A week with a (HTC) Hero

Smartphones are computers that happen to be able to make phone calls, and that leads to some interesting possibilities. I've been trying out the new HTC Hero thanks to the lovely folk at 3MobileBuzz who sent me one to have a look at for a week. The Hero uses Google's open source operating system Android, which is based on Linux and is optimised for smaller devices. HTC mobiles are available on many of the mobile phone networks, and they are not alone in using the Android operating system on certain models, manufacturers such as Motorola have recently joined them. The Hero is 3's first Android device and the model I looked at also has a bundled Spotify subscription (worth £9.99 per month), it currently costs £97.86 upfront with a two year contract that will cost you £35 per month, so this is toward the premium end of their range. Quite a bit of cash to hand over, but what do you get for your money?

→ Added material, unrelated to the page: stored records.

lemma sum_lessThan_mult_div_mod:
  "(\<Sum>k<m*n. f (k div n) (k mod n)) = (\<Sum>y<m. \<Sum>x<(n::nat). f y x)"
  by (simp add: sum_mult_product)

lemma index_mult_mat_sum:
  assumes "A \<in> carrier_mat n k" "B \<in> carrier_mat k m" "i < n" "j < m"
  shows "(A * B) $$ (i,j) = (\<Sum>u<k. A $$ (i,u) * B $$ (u,j))"
  using assms by (simp add: scalar_prod_def atLeast0LessThan)

lemma adj_carrier_mat [simp]: "M \<in> carrier_mat n m \<Longrightarrow> adj M \<in> carrier_mat m n"
  by (auto simp: adj_def)

lemma index_adj [simp]: "i < dim_col M \<Longrightarrow> j < dim_row M \<Longrightarrow> adj M $$ (i,j) = cnj (M $$ (j,i))"
  by (auto simp: adj_def)

lemma dim_adj [simp]: "dim_row (adj M) = dim_col M" "dim_col (adj M) = dim_row M"
  by (auto simp: adj_def)

lemma hermitian_diag_real:
  assumes "adj X = X" "X \<in> carrier_mat n n" "x < n"
  shows "X $$ (x,x) = complex_of_real (diag_vec X x)"
proof -
  have "adj X $$ (x,x) = cnj (X $$ (x,x))" using assms(2,3) by simp
  then have "cnj (X $$ (x,x)) = X $$ (x,x)" using assms(1) by simp
  then show ?thesis unfolding diag_vec_def by (metis Reals_cnj_iff complex_is_Real_iff of_real_Re)
qed

lemma index_sandwich:
  assumes "A \<in> carrier_mat m n" "X \<in> carrier_mat n n" "i < m" "j < m"
  shows "(A * X * adj A) $$ (i,j) = (\<Sum>u<n. \<Sum>v<n. A $$ (i,u) * X $$ (u,v) * cnj (A $$ (j,v)))"
proof -
  have AX: "A * X \<in> carrier_mat m n" using assms by simp
  have "(A * X * adj A) $$ (i,j) = (\<Sum>v<n. (A * X) $$ (i,v) * adj A $$ (v,j))"
    by (rule index_mult_mat_sum[OF AX adj_carrier_mat[OF assms(1)] assms(3,4)])
  also have "\<dots> = (\<Sum>v<n. (\<Sum>u<n. A $$ (i,u) * X $$ (u,v)) * cnj (A $$ (j,v)))"
    using assms by (intro sum.cong refl, subst index_mult_mat_sum[OF assms(1,2) assms(3)]) auto
  also have "\<dots> = (\<Sum>v<n. \<Sum>u<n. A $$ (i,u) * X $$ (u,v) * cnj (A $$ (j,v)))"
    by (simp add: sum_distrib_right)
  also have "\<dots> = (\<Sum>u<n. \<Sum>v<n. A $$ (i,u) * X $$ (u,v) * cnj (A $$ (j,v)))"
    by (rule sum.swap)
  finally show ?thesis .
qed

lemma index_diag_mult:
  assumes "X \<in> carrier_mat n m" "i < n" "j < m"
  shows "(mat n n (\<lambda>(i,j). if i = j then f i else 0) * X) $$ (i,j) = f i * X $$ (i,j)"
proof -
  have "(mat n n (\<lambda>(i,j). if i = j then f i else 0) * X) $$ (i,j)
      = (\<Sum>u<n. (if i = u then f i else 0) * X $$ (u,j))"
    using assms by (subst index_mult_mat_sum[of _ n n _ m]) auto
  also have "\<dots> = f i * X $$ (i,j)"
    using assms by (subst sum_eq_single[of _ i]) auto
  finally show ?thesis .
qed

lemma index_mult_diag:
  assumes "X \<in> carrier_mat m n" "i < m" "j < n"
  shows "(X * mat n n (\<lambda>(i,j). if i = j then f i else 0)) $$ (i,j) = X $$ (i,j) * f j"
proof -
  have "(X * mat n n (\<lambda>(i,j). if i = j then f i else 0)) $$ (i,j)
      = (\<Sum>u<n. X $$ (i,u) * (if u = j then f u else 0))"
    using assms by (subst index_mult_mat_sum[of _ m n _ n]) auto
  also have "\<dots> = X $$ (i,j) * f j"
    using assms by (subst sum_eq_single[of _ j]) auto
  finally show ?thesis .
qed


lemma adj_evol:
  "adj (evol a t) = mat (length a) (length a) (\<lambda>(i,j). if i = j then exp (\<i> * complex_of_real (a ! i * t)) else 0)"
  by (rule eq_matI) (auto simp: adj_def evol_def exp_cnj)

lemma evol_carrier [simp]: "evol a t \<in> carrier_mat (length a) (length a)"
  by (simp add: evol_def)

lemma index_evol_conj:
  assumes "X \<in> carrier_mat (length a) (length a)" "u < length a" "v < length a"
  shows "(evol a t * X * adj (evol a t)) $$ (u,v) = X $$ (u,v) * exp (- \<i> * complex_of_real ((a!u - a!v) * t))"
proof -
  have "evol a t * X \<in> carrier_mat (length a) (length a)" using assms(1) by (metis evol_carrier mult_carrier_mat)
  then have "(evol a t * X * adj (evol a t)) $$ (u,v) = (evol a t * X) $$ (u,v) * exp (\<i> * complex_of_real (a ! v * t))"
    unfolding adj_evol using assms(2,3) by (rule index_mult_diag)
  also have "(evol a t * X) $$ (u,v) = exp (- \<i> * complex_of_real (a ! u * t)) * X $$ (u,v)"
    unfolding evol_def using assms by (rule index_diag_mult)
  also have "exp (- \<i> * complex_of_real (a ! u * t)) * X $$ (u,v) * exp (\<i> * complex_of_real (a ! v * t))
     = X $$ (u,v) * (exp (- \<i> * complex_of_real (a ! u * t)) * exp (\<i> * complex_of_real (a ! v * t)))"
    by simp
  also have "exp (- \<i> * complex_of_real (a ! u * t)) * exp (\<i> * complex_of_real (a ! v * t))
     = exp (- \<i> * complex_of_real ((a!u - a!v) * t))"
    by (simp add: exp_add[symmetric] algebra_simps)
  finally show ?thesis .
qed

The front of the HTC Hero phoneThe Hero is a bit larger than your average "candybar" type mobile phone, sporting a touchscreen, the distinctive, but controversial "chin" (an end section at an angle to the rest of the phone) found on many Android devices and some helpful buttons that make using the device a bit easier. On the side is a volume control (that I initially thought was an SD card cover), on the front a shortcut key to take you straight to the phone function, a "home" button, a button that brings up a context sensitive menu, a hangup/power button, a "back" button and a search button (really useful when trying to find the answers in pub quizzes!). Also on the front is a mini trackball. I'm glad HTC put some buttons on it, it makes life easier. I'll never forget having to use Google to find out how to alter the volume on an iPod Touch, something that should have been very easy to work out. On the top of the unit is a headphone socket that will take the supplied headphone/microphone combination or even a standard pair of headphones with a 3.5mm plug. The Hero also has a micro SD card slot with a supplied 2GB card, GPS and an accelerometer. It also has a camera on the front.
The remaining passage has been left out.